* **Exercise aim**
The line containing "then obtain r" marks where to begin; quote it and every line after it through the end of the data, exactly as written.

(Collected data entries)
+ + + + + + +

(* Let $\alpha\in(0,\tfrac12]$, $X_A,X_B>0$, and suppose the solution function $S$ has exactly three zeros $\sigma_1^*<\sigma_2^*<\sigma_3^*$ in $(0,\infty)$. If either $\sqrt{\frac{8\alpha}{1-\alpha}}-\frac{2\alpha}{1-\alpha}\le\frac{X_B}{X_A}\le1$, or $\frac{X_B}{X_A}>1$, then there exists a pre-commitment $p\in[0,X_B]$ by player $B$ to battlefield $b=1$ such that $u_B(p)>\pi_B(\sigma_2^* )$.
   Context: Two-battlefield asymmetric setting: valuations $v_{A,1}=\alpha$, $v_{A,2}=1-\alpha$, $v_{B,1}=1-\alpha$, $v_{B,2}=\alpha$, budgets $X_A,X_B>0$. Define, for $x,y\ge0$, $L(x,y)=\frac{x}{2y}$ if $0\le x\le y$, $y>0$; $L(x,y)=1-\frac{y}{2x}$ if $x>y\ge0$; $L(0,0)=\tfrac12$. Let $c=\frac{(1-\alpha)^2}{\alpha}+\frac{\alpha^2}{1-\alpha}$, $r=X_A/X_B$, and $S:(0,\infty)\to\mathbb R$: $S(\sigma)=\sigma^2(c\sigma-r)$ on $(0,\frac{\alpha}{1-\alpha})$; $S(\sigma)=\frac{\alpha^2}{1-\alpha}(\sigma^3-r)+\alpha\sigma(1-r\sigma)$ on $[\frac{\alpha}{1-\alpha},\frac{1-\alpha}{\alpha})$; $S(\sigma)=\sigma-rc$ on $[\frac{1-\alpha}{\alpha},\infty)$. Player $B$'s equilibrium payoff for a zero $\sigma$: $\pi_B(\sigma)=1-\frac{\sigma}{2}$ if $\sigma\in(0,\frac{\alpha}{1-\alpha})$; $\pi_B(\sigma)=1-\alpha-\frac{\alpha\sigma}{2}+\frac{\alpha^2}{2\sigma(1-\alpha)}$ if $\sigma\in[\frac{\alpha}{1-\alpha},\frac{1-\alpha}{\alpha})$; $\pi_B(\sigma)=\frac{c}{2\sigma}$ if $\sigma\ge\frac{1-\alpha}{\alpha}$. Pre-commitment: $B$ places $p\in[0,X_B]$ on one battlefield $b\in\{1,2\}$; $u_A^{M}(p)=v_{A,b}+(1-v_{A,b})L(X_A-p,X_B-p)$ (for $p\le X_A$), $u_A^{W}(p)=(1-v_{A,b})L(X_A,X_B-p)$; $A$'s response is $\mathtt A_b(p)=\mathtt M$ if $p\le X_A$ and $u_A^M(p)>u_A^W(p)$, else $\mathtt A_b(p)=\mathtt W$ (ties go to withdrawing). $B$'s payoff is $u_B(p)=(1-v_{B,b})L(X_B-p,X_A-p)$ if $\mathtt A_b(p)=\mathtt M$ and $u_B(p)=v_{B,b}+(1-v_{B,b})L(X_B-p,X_A)$ if $\mathtt A_b(p)=\mathtt W$. *)

theory Defs
  imports Complex_Main
begin
lemma rational_level_chord_above:
  fixes X Y :: "real \<Rightarrow> real"
  assumes "x < y" and X_cont: "continuous_on {x..y} X" and Y_cont: "continuous_on {x..y} Y"
    and X_pos: "\<forall>s\<in>{x..y}. 0 < X s" and "Y x = Y y" and above: "\<forall>s\<in>{x..y}. Y x \<le> Y s"
  obtains s t r where "s \<in> {x..y}" "t \<in> {x..y}" "s \<noteq> t" "r \<in> \<rat>" "Y s = Y t" "X s = r * X t"
proof (cases "X x = X y")
  case True
  show ?thesis
    by (rule that[of x y 1]) (use True \<open>x < y\<close> \<open>Y x = Y y\<close> in auto)
next
  case False
  obtain u v where uv: "closed_segment u v = {x..y}" "Y u = Y x" "Y v = Y x" "X u < X v"
  proof (cases "X x < X y")
    case True
    show ?thesis
      by (rule that[of x y]) (use True \<open>x < y\<close> \<open>Y x = Y y\<close> in \<open>simp_all add: closed_segment_eq_real_ivl1\<close>)
  next
    case False
    show ?thesis
      by (rule that[of y x])
        (use False \<open>X x \<noteq> X y\<close> \<open>x < y\<close> \<open>Y x = Y y\<close> in \<open>simp_all add: closed_segment_eq_real_ivl\<close>)
  qed
  have "u \<in> {x..y}" "v \<in> {x..y}"
    using uv(1) ends_in_segment by blast+
  then have "1 < X v / X u"
    using X_pos uv(4) by simp
  then obtain r where r: "r \<in> \<rat>" "1 < r" "r < X v / X u"
    using Rats_dense_in_real by blast
  have interlaced: "X u < r * X u" "r * X u < X v" "X v < r * X v"
    using r X_pos \<open>u \<in> {x..y}\<close> \<open>v \<in> {x..y}\<close> by (simp_all add: pos_less_divide_eq)
  obtain s t where st: "s \<in> {x..y}" "t \<in> {x..y}" "Y s = Y t" "X s = r * X t"
    by (rule stretched_arc_meets_arc[of u v X Y r, unfolded uv(1)])
      (use X_cont Y_cont above uv interlaced in simp_all)
  moreover have "s \<noteq> t"
  proof
    assume "s = t"
    moreover have "0 < X t"
      using X_pos st(2) by blast
    ultimately show False
      using st(4) r(2) by simp
  qed
  ultimately show ?thesis
    by (intro that[OF st(1,2) _ r(1)])
qed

+ + + + + + +

* **Output of the task**
  then obtain r where r: "r \<in> \<rat>" "1 < r" "r < X v / X u"
    using Rats_dense_in_real by blast
  have interlaced: "X u < r * X u" "r * X u < X v" "X v < r * X v"
    using r X_pos \<open>u \<in> {x..y}\<close> \<open>v \<in> {x..y}\<close> by (simp_all add: pos_less_divide_eq)
  obtain s t where st: "s \<in> {x..y}" "t \<in> {x..y}" "Y s = Y t" "X s = r * X t"
    by (rule stretched_arc_meets_arc[of u v X Y r, unfolded uv(1)])
      (use X_cont Y_cont above uv interlaced in simp_all)
  moreover have "s \<noteq> t"
  proof
    assume "s = t"
    moreover have "0 < X t"
      using X_pos st(2) by blast
    ultimately show False
      using st(4) r(2) by simp
  qed
  ultimately show ?thesis
    by (intro that[OF st(1,2) _ r(1)])
qed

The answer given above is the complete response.